Task requirements: Taking the line with "i) = of_nat" as the first and the line with "then obtain i" as the last, set down exactly every line in that range from the entries below, and no more.

Material provided:

*** Block opens ***

(* Let $k$ and $s$ be positive integers with $s\mid k$. Then for every integer $t$ with $0\le t\le s-1$, $$c_{s}(t)=\sum_{j=0}^{k/s-1}\sigma_{k}^{(0)}(js+t;s).$$
   Context: For a positive integer $m$, $(q)_m=(1-q)\cdots(1-q^m)$, $(q)_0=1$. For integers $k\ge1$ and $1\le s\le k$, $\sigma^{(0)}_k(t;s)$ ($0\le t\le k-1$) is the coefficient of $q^t$ in the remainder of $(q)_{s-1}$ upon division by $1-q^k$. $c_s(t)=\sum_{1\le h\le s,\ \gcd(h,s)=1}e^{2\pi i ht/s}$ is the Ramanujan sum. *)

theory Defs
  imports Complex_Main "HOL-Computational_Algebra.Polynomial"
begin

definition qpoch :: "nat \<Rightarrow> complex poly" where
  "qpoch m = (\<Prod>i\<in>{1..m}. 1 - monom 1 i)"

definition sigma0 :: "nat \<Rightarrow> nat \<Rightarrow> nat \<Rightarrow> complex" where
  "sigma0 k t s = coeff (qpoch (s - 1) mod (1 - monom 1 k)) t"

definition ramanujan_sum :: "nat \<Rightarrow> int \<Rightarrow> complex" where
  "ramanujan_sum s t = (\<Sum>h\<in>{h. 1 \<le> h \<and> h \<le> s \<and> coprime h s}.
      exp (2 * pi * \<i> * of_nat h * of_int t / of_nat s))"

end

(*
  Let R be the remainder of (q)_{s-1} modulo 1 - q^k. As s divides k, R agrees with (q)_{s-1}
  at every s-th root of unity, and (q)_{s-1}(w^l) = prod_{0<i<s} (1 - w^{li}) equals s when w^l is
  primitive and 0 otherwise (for primitive w^l the product is the value at 1 of
  (q^s - 1)/(q - 1)). The roots of unity filter extracts the coefficients of R in the residue
  class t mod s as an average of R over the s-th roots of unity, so the sum in question is the
  sum of the t-th powers of the primitive s-th roots of unity, which is c_s(t).
*)

theory Submission
  imports Defs "HOL-Analysis.Complex_Transcendental"
begin

definition primitive_root_unity :: "nat \<Rightarrow> 'a::monoid_mult \<Rightarrow> bool" where
  "primitive_root_unity s w \<longleftrightarrow> 0 < s \<and> (\<forall>m. w ^ m = 1 \<longleftrightarrow> s dvd m)"

lemma primitive_root_unity_exp:
  assumes "0 < s"
  shows "primitive_root_unity s (exp (2 * of_real pi * \<i> / of_nat s))"
proof -
  have "exp (2 * of_real pi * \<i> / of_nat s) ^ m = exp (2 * of_real pi * \<i> * of_nat m / of_nat s)" for m
    by (simp flip: exp_of_nat_mult add: field_simps)
  then show ?thesis
    using assms by (simp add: primitive_root_unity_def complex_root_unity_eq_1)
qed

lemma primitive_root_unity_inverse:
  fixes w :: "'a::field"
  assumes "primitive_root_unity s w"
  shows "primitive_root_unity s (inverse w)"
  using assms by (simp add: primitive_root_unity_def power_inverse)

lemma primitive_root_unity_power:
  assumes "primitive_root_unity s w" and "coprime l s"
  shows "primitive_root_unity s (w ^ l)"
  using assms by (simp add: primitive_root_unity_def flip: power_mult)
    (metis coprime_commute coprime_dvd_mult_right_iff)

lemma primitive_root_unity_nonzero:
  fixes w :: "'a::semiring_1"
  assumes "primitive_root_unity s w"
  shows "w \<noteq> 0"
proof -
  have "w ^ s = 1" and "0 < s"
    using assms by (auto simp: primitive_root_unity_def)
  then show ?thesis
    by (metis zero_power zero_neq_one)
qed

lemma primitive_root_unity_power_eq_iff:
  fixes w :: "'a::idom"
  assumes "primitive_root_unity s w"
  shows "w ^ i = w ^ j \<longleftrightarrow> i mod s = j mod s"
proof -
  have "w ^ i = w ^ j \<longleftrightarrow> i mod s = j mod s" if "i \<le> j" for i j
  proof -
    have "w \<noteq> 0"
      using primitive_root_unity_nonzero[OF assms] .
    moreover have "w ^ j = w ^ i * w ^ (j - i)"
      using that by (simp flip: power_add)
    ultimately have "w ^ i = w ^ j \<longleftrightarrow> w ^ (j - i) = 1"
      by auto
    also have "\<dots> \<longleftrightarrow> i mod s = j mod s"
      using assms mod_eq_dvd_iff_nat[OF that] by (simp add: primitive_root_unity_def) metis
    finally show ?thesis .
  qed
  from this[of i j] this[of j i] show ?thesis
    by (cases "i \<le> j") auto
qed

lemma sum_lessThan_powers_root_unity:
  fixes z :: "'a::idom"
  assumes "z ^ s = 1"
  shows "(\<Sum>l<s. z ^ l) = (if z = 1 then of_nat s else 0)"
proof -
  have "(z - 1) * (\<Sum>l<s. z ^ l) = 0"
    using assms by (metis power_diff_1_eq diff_self)
  then show ?thesis
    by auto
qed

lemma sum_atLeast1_atMost_powers_root_unity:
  fixes z :: "'a::idom"
  assumes "z ^ s = 1"
  shows "(\<Sum>l=1..s. z ^ l) = (if z = 1 then of_nat s else 0)"
proof -
  have "(\<Sum>l=1..s. z ^ l) = z * (\<Sum>l<s. z ^ l)"
    by (simp add: sum.atLeast1_atMost_eq sum_distrib_left)
  then show ?thesis
    using sum_lessThan_powers_root_unity[OF assms] by simp
qed

lemma inverse_power_diff_root_unity:
  fixes z :: "'a::field"
  assumes "z ^ s = 1" and "u \<le> s"
  shows "inverse z ^ (s - u) = z ^ u"
proof -
  have "z ^ (s - u) * z ^ u = 1"
    using assms by (simp flip: power_add)
  then show ?thesis
    by (simp add: power_inverse inverse_unique)
qed

lemma prod_one_minus_primitive_root_powers:
  fixes w :: "'a::idom"
  assumes w: "primitive_root_unity s w"
  shows "(\<Prod>i\<in>{1..<s}. 1 - w ^ i) = of_nat s"
proof -
  have s: "0 < s"
    using w by (simp add: primitive_root_unity_def)
  define G where "G = (\<Sum>j<s. monom (1::'a) j)"
  define Q where "Q = (\<Prod>i\<in>{1..<s}. [:- (w ^ i), 1:])"
  define A where "A = (\<lambda>i. w ^ i) ` {1..<s}"
  have degree_Q: "degree Q = s - 1"
    by (simp add: Q_def degree_prod_sum_eq)
  have "lead_coeff Q = 1"
    by (simp add: Q_def lead_coeff_prod)
  have "G = Q"
  proof (rule poly_eqI_degree_lead_coeff[where n = "s - 1" and A = A])
    show "coeff G (s - 1) = coeff Q (s - 1)"
      using s \<open>lead_coeff Q = 1\<close> by (simp add: G_def coeff_sum coeff_monom degree_Q)
    have "inj_on (\<lambda>i. w ^ i) {1..<s}"
      by (rule inj_onI) (simp add: primitive_root_unity_power_eq_iff[OF w])
    then show "s - 1 \<le> card A"
      by (simp add: A_def card_image)
    show "degree G \<le> s - 1"
      unfolding G_def by (intro degree_sum_le) (auto intro: order.trans[OF degree_monom_le])
    show "degree Q \<le> s - 1"
      by (simp add: degree_Q)
    fix z assume "z \<in> A"
    then obtain i where i: "i \<in> {1..<s}" "z = w ^ i"
      by (auto simp: A_def)
    then have "z ^ s = 1" and "z \<noteq> 1"
      using w by (auto simp: primitive_root_unity_def simp flip: power_mult dest: dvd_imp_le)
    then have "poly G z = 0"
      using sum_lessThan_powers_root_unity[of z s] by (simp add: G_def poly_sum poly_monom)
    moreover have "poly Q z = 0"
      using i by (auto simp: Q_def poly_prod)
    ultimately show "poly G z = poly Q z"
      by simp
  qed
  then have "poly G 1 = poly Q 1"
    by simp
  then show ?thesis
    by (simp add: G_def Q_def poly_sum poly_monom poly_prod)
qed

text \<open>The twist \<open>(w ^ l) ^ (s - r)\<close> stands for \<open>w ^ (- l * r)\<close>.\<close>

lemma roots_of_unity_filter:
  fixes p :: "'a::idom poly"
  assumes w: "primitive_root_unity s w" and "degree p < N" and "r < s"
  shows "(\<Sum>l=1..s. (w ^ l) ^ (s - r) * poly p (w ^ l))
    = of_nat s * (\<Sum>n | n < N \<and> n mod s = r. coeff p n)"
proof -
  have "w ^ s = 1"
    using w by (simp add: primitive_root_unity_def)
  have power_eq_1_iff: "w ^ (n + (s - r)) = 1 \<longleftrightarrow> n mod s = r" for n
  proof -
    have "w ^ r * w ^ (s - r) = 1" and "w ^ (s - r) \<noteq> 0"
      using \<open>w ^ s = 1\<close> \<open>r < s\<close> primitive_root_unity_nonzero[OF w]
      by (auto simp flip: power_add)
    then have "w ^ (n + (s - r)) = 1 \<longleftrightarrow> w ^ n = w ^ r"
      by (metis mult_cancel_right power_add)
    then show ?thesis
      using \<open>r < s\<close> by (simp add: primitive_root_unity_power_eq_iff[OF w])
  qed
  have poly_p: "poly p x = (\<Sum>n<N. coeff p n * x ^ n)" for x
    unfolding poly_altdef using \<open>degree p < N\<close>
    by (intro sum.mono_neutral_left) (auto simp: coeff_eq_0)
  have "(w ^ l) ^ (s - r) * poly p (w ^ l) = (\<Sum>n<N. coeff p n * (w ^ (n + (s - r))) ^ l)" for l
  proof -
    have "(w ^ (n + (s - r))) ^ l = (w ^ l) ^ (s - r) * (w ^ l) ^ n" for n
      by (metis power_add power_mult mult.commute)
    then show ?thesis
      by (simp add: poly_p sum_distrib_left mult.left_commute)
  qed
  then have "(\<Sum>l=1..s. (w ^ l) ^ (s - r) * poly p (w ^ l))
      = (\<Sum>l=1..s. \<Sum>n<N. coeff p n * (w ^ (n + (s - r))) ^ l)"
    by simp
  also have "\<dots> = (\<Sum>n<N. coeff p n * (\<Sum>l=1..s. (w ^ (n + (s - r))) ^ l))"
    by (subst sum.swap) (simp add: sum_distrib_left)
  also have "\<dots> = (\<Sum>n<N. if n mod s = r then of_nat s * coeff p n else 0)"
  proof (intro sum.cong refl)
    fix n
    have root: "(w ^ (n + (s - r))) ^ s = 1"
      using \<open>w ^ s = 1\<close> by (metis power_mult mult.commute power_one)
    show "coeff p n * (\<Sum>l=1..s. (w ^ (n + (s - r))) ^ l)
        = (if n mod s = r then of_nat s * coeff p n else 0)"
      using sum_atLeast1_atMost_powers_root_unity[OF root] power_eq_1_iff[of n] by simp
  qed
  also have "\<dots> = of_nat s * (\<Sum>n | n < N \<and> n mod s = r. coeff p n)"
    by (simp add: sum.If_cases sum_distrib_left lessThan_def Collect_conj_eq)
  finally show ?thesis .
qed

lemma poly_qpoch_primitive_root_power:
  fixes w :: complex
  assumes w: "primitive_root_unity s w"
  shows "poly (qpoch (s - 1)) (w ^ l) = (if coprime l s then of_nat s else 0)"
proof -
  have s: "0 < s"
    using w by (simp add: primitive_root_unity_def)
  have poly_qpoch: "poly (qpoch (s - 1)) z = (\<Prod>i\<in>{1..<s}. 1 - z ^ i)" for z
  proof -
    have "{1..s - 1} = {1..<s}"
      using s by auto
    then show ?thesis
      by (simp add: qpoch_def poly_prod poly_monom)
  qed
  show ?thesis
  proof (cases "coprime l s")
    case True
    have "poly (qpoch (s - 1)) (w ^ l) = (\<Prod>i\<in>{1..<s}. 1 - (w ^ l) ^ i)"
      by (rule poly_qpoch)
    also have "\<dots> = of_nat s"
      by (rule prod_one_minus_primitive_root_powers[OF primitive_root_unity_power[OF w True]])
    finally show ?thesis
      using True by simp
  next
    case False
    define g where "g = gcd l s"
    define d where "d = s div g"
    have "1 < g"
      using False s by (simp add: g_def coprime_iff_gcd_eq_1 nat_neq_iff)
    then have "d \<in> {1..<s}"
      using s by (auto simp: d_def g_def Suc_le_eq div_greater_zero_iff gcd_le2_nat)
    moreover have "s dvd l * d"
      by (simp add: d_def g_def div_mult_swap flip: dvd_div_mult)
    then have "(w ^ l) ^ d = 1"
      using w by (simp add: primitive_root_unity_def flip: power_mult)
    ultimately have "(\<Prod>i\<in>{1..<s}. 1 - (w ^ l) ^ i) = 0"
      by (auto simp: prod_zero_iff)
    then show ?thesis
      using False poly_qpoch by simp
  qed
qed

lemma sum_residue_class_lessThan:
  fixes f :: "nat \<Rightarrow> 'a::comm_monoid_add"
  assumes "s dvd k" and "t < s"
  shows "(\<Sum>j=0..<k div s. f (j * s + t)) = (\<Sum>n | n < k \<and> n mod s = t. f n)"
proof (rule sum.reindex_bij_witness[of _ "\<lambda>n. n div s" "\<lambda>j. j * s + t"])
  fix j assume "j \<in> {0..<k div s}"
  then have "Suc j * s \<le> k div s * s"
    by (intro mult_le_mono1) simp
  then show "j * s + t \<in> {n. n < k \<and> n mod s = t}"
    using assms by simp
  show "(j * s + t) div s = j"
    using \<open>t < s\<close> by simp
next
  fix n assume n: "n \<in> {n. n < k \<and> n mod s = t}"
  then show "n div s * s + t = n"
    using div_mult_mod_eq[of n s] by simp
  show "n div s \<in> {0..<k div s}"
    using n \<open>s dvd k\<close> less_mult_imp_div_less[of n "k div s" s] by simp
qed simp

lemma degree_one_minus_monom: "degree (1 - monom (1::'a::comm_ring_1) k) = k"
proof (cases "k = 0")
  case False
  have "1 - monom (1::'a) k = - monom 1 k + 1"
    by simp
  also have "degree \<dots> = k"
    using False by (subst degree_add_eq_left) (auto simp: degree_monom_eq)
  finally show ?thesis .
qed simp

lemma ramanujan_sum_of_nat:
  "ramanujan_sum s (int u)
    = (\<Sum>h | 1 \<le> h \<and> h \<le> s \<and> coprime h s. exp (2 * of_real pi * \<i> / of_nat s) ^ (h * u))"
  unfolding ramanujan_sum_def
  by (intro sum.cong refl) (simp flip: exp_of_nat_mult add: field_simps)

lemma sum_sigma0_residue_class:
  fixes w :: complex
  assumes w: "primitive_root_unity s w" and "0 < k" and "s dvd k" and "u < s"
  shows "(\<Sum>j=0..<k div s. sigma0 k (j * s + u) s)
    = (\<Sum>l | 1 \<le> l \<and> l \<le> s \<and> coprime l s. (w ^ l) ^ (s - u))"
proof -
  define R where "R = qpoch (s - 1) mod (1 - monom 1 k)"
  have "1 - monom 1 k \<noteq> (0 :: complex poly)"
    using degree_one_minus_monom[of k] \<open>0 < k\<close> by (metis degree_0 less_irrefl)
  then have "degree R < k"
    using degree_mod_less[of "1 - monom 1 k" "qpoch (s - 1)"] \<open>0 < k\<close>
    by (auto simp: R_def degree_one_minus_monom)
  have poly_R: "poly R (w ^ l) = (if coprime l s then of_nat s else 0)" for l
  proof -
    have "(w ^ l) ^ k = 1"
      using w \<open>s dvd k\<close> by (auto simp: primitive_root_unity_def simp flip: power_mult)
    then have "poly R (w ^ l) = poly (qpoch (s - 1)) (w ^ l)"
      unfolding R_def by (intro poly_mod) (simp add: poly_monom)
    then show ?thesis
      by (simp only: poly_qpoch_primitive_root_power[OF w])
  qed
  have "of_nat s * (\<Sum>j=0..<k div s. sigma0 k (j * s + u) s)
      = of_nat s * (\<Sum>n | n < k \<and> n mod s = u. coeff R n)"
    using assms by (simp add: sigma0_def R_def sum_residue_class_lessThan)
  also have "\<dots> = (\<Sum>l=1..s. (w ^ l) ^ (s - u) * poly R (w ^ l))"
    by (rule roots_of_unity_filter[OF w \<open>degree R < k\<close> \<open>u < s\<close>, symmetric])
  also have "\<dots> = (\<Sum>l\<in>{1..s}. if coprime l s then of_nat s * (w ^ l) ^ (s - u) else 0)"
    by (intro sum.cong refl) (simp add: poly_R)
  also have "\<dots> = of_nat s * (\<Sum>l\<in>{l \<in> {1..s}. coprime l s}. (w ^ l) ^ (s - u))"
    unfolding sum_distrib_left by (rule sum.inter_filter[symmetric]) simp
  also have "{l \<in> {1..s}. coprime l s} = {l. 1 \<le> l \<and> l \<le> s \<and> coprime l s}"
    by auto
  finally show ?thesis
    using \<open>u < s\<close> by simp
qed

theorem proposition2p16:
  fixes k s :: nat and t :: int
  assumes "0 < k" and "0 < s" and "s dvd k"
    and "0 \<le> t" and "t \<le> int s - 1"
  shows "ramanujan_sum s t = (\<Sum>j=0..<k div s. sigma0 k (j * s + nat t) s)"
proof -
  define u where "u = nat t"
  have t: "t = int u" and "u < s"
    using assms by (auto simp: u_def)
  define \<zeta> where "\<zeta> = exp (2 * of_real pi * \<i> / of_nat s)"
  have \<zeta>: "primitive_root_unity s \<zeta>"
    using \<open>0 < s\<close> by (simp add: \<zeta>_def primitive_root_unity_exp)
  have conjugate_twist: "(inverse \<zeta> ^ l) ^ (s - u) = \<zeta> ^ (l * u)" for l
    using \<zeta> \<open>u < s\<close> inverse_power_diff_root_unity[of "\<zeta> ^ l" s u]
    by (simp add: primitive_root_unity_def power_inverse flip: power_mult)
  have "ramanujan_sum s t = (\<Sum>l | 1 \<le> l \<and> l \<le> s \<and> coprime l s. \<zeta> ^ (l * u))"
    unfolding t \<zeta>_def by (rule ramanujan_sum_of_nat)
  also have "\<dots> = (\<Sum>l | 1 \<le> l \<and> l \<le> s \<and> coprime l s. (inverse \<zeta> ^ l) ^ (s - u))"
    by (simp only: conjugate_twist)
  also have "\<dots> = (\<Sum>j=0..<k div s. sigma0 k (j * s + nat t) s)"
    unfolding u_def[symmetric] using assms \<open>u < s\<close>
    by (intro sum_sigma0_residue_class[symmetric] primitive_root_unity_inverse \<zeta>)
  finally show ?thesis .
qed

end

*** Block closes ***

Solution:
  shows "(\<Prod>i\<in>{1..<s}. 1 - w ^ i) = of_nat s"
proof -
  have s: "0 < s"
    using w by (simp add: primitive_root_unity_def)
  define G where "G = (\<Sum>j<s. monom (1::'a) j)"
  define Q where "Q = (\<Prod>i\<in>{1..<s}. [:- (w ^ i), 1:])"
  define A where "A = (\<lambda>i. w ^ i) ` {1..<s}"
  have degree_Q: "degree Q = s - 1"
    by (simp add: Q_def degree_prod_sum_eq)
  have "lead_coeff Q = 1"
    by (simp add: Q_def lead_coeff_prod)
  have "G = Q"
  proof (rule poly_eqI_degree_lead_coeff[where n = "s - 1" and A = A])
    show "coeff G (s - 1) = coeff Q (s - 1)"
      using s \<open>lead_coeff Q = 1\<close> by (simp add: G_def coeff_sum coeff_monom degree_Q)
    have "inj_on (\<lambda>i. w ^ i) {1..<s}"
      by (rule inj_onI) (simp add: primitive_root_unity_power_eq_iff[OF w])
    then show "s - 1 \<le> card A"
      by (simp add: A_def card_image)
    show "degree G \<le> s - 1"
      unfolding G_def by (intro degree_sum_le) (auto intro: order.trans[OF degree_monom_le])
    show "degree Q \<le> s - 1"
      by (simp add: degree_Q)
    fix z assume "z \<in> A"
    then obtain i where i: "i \<in> {1..<s}" "z = w ^ i"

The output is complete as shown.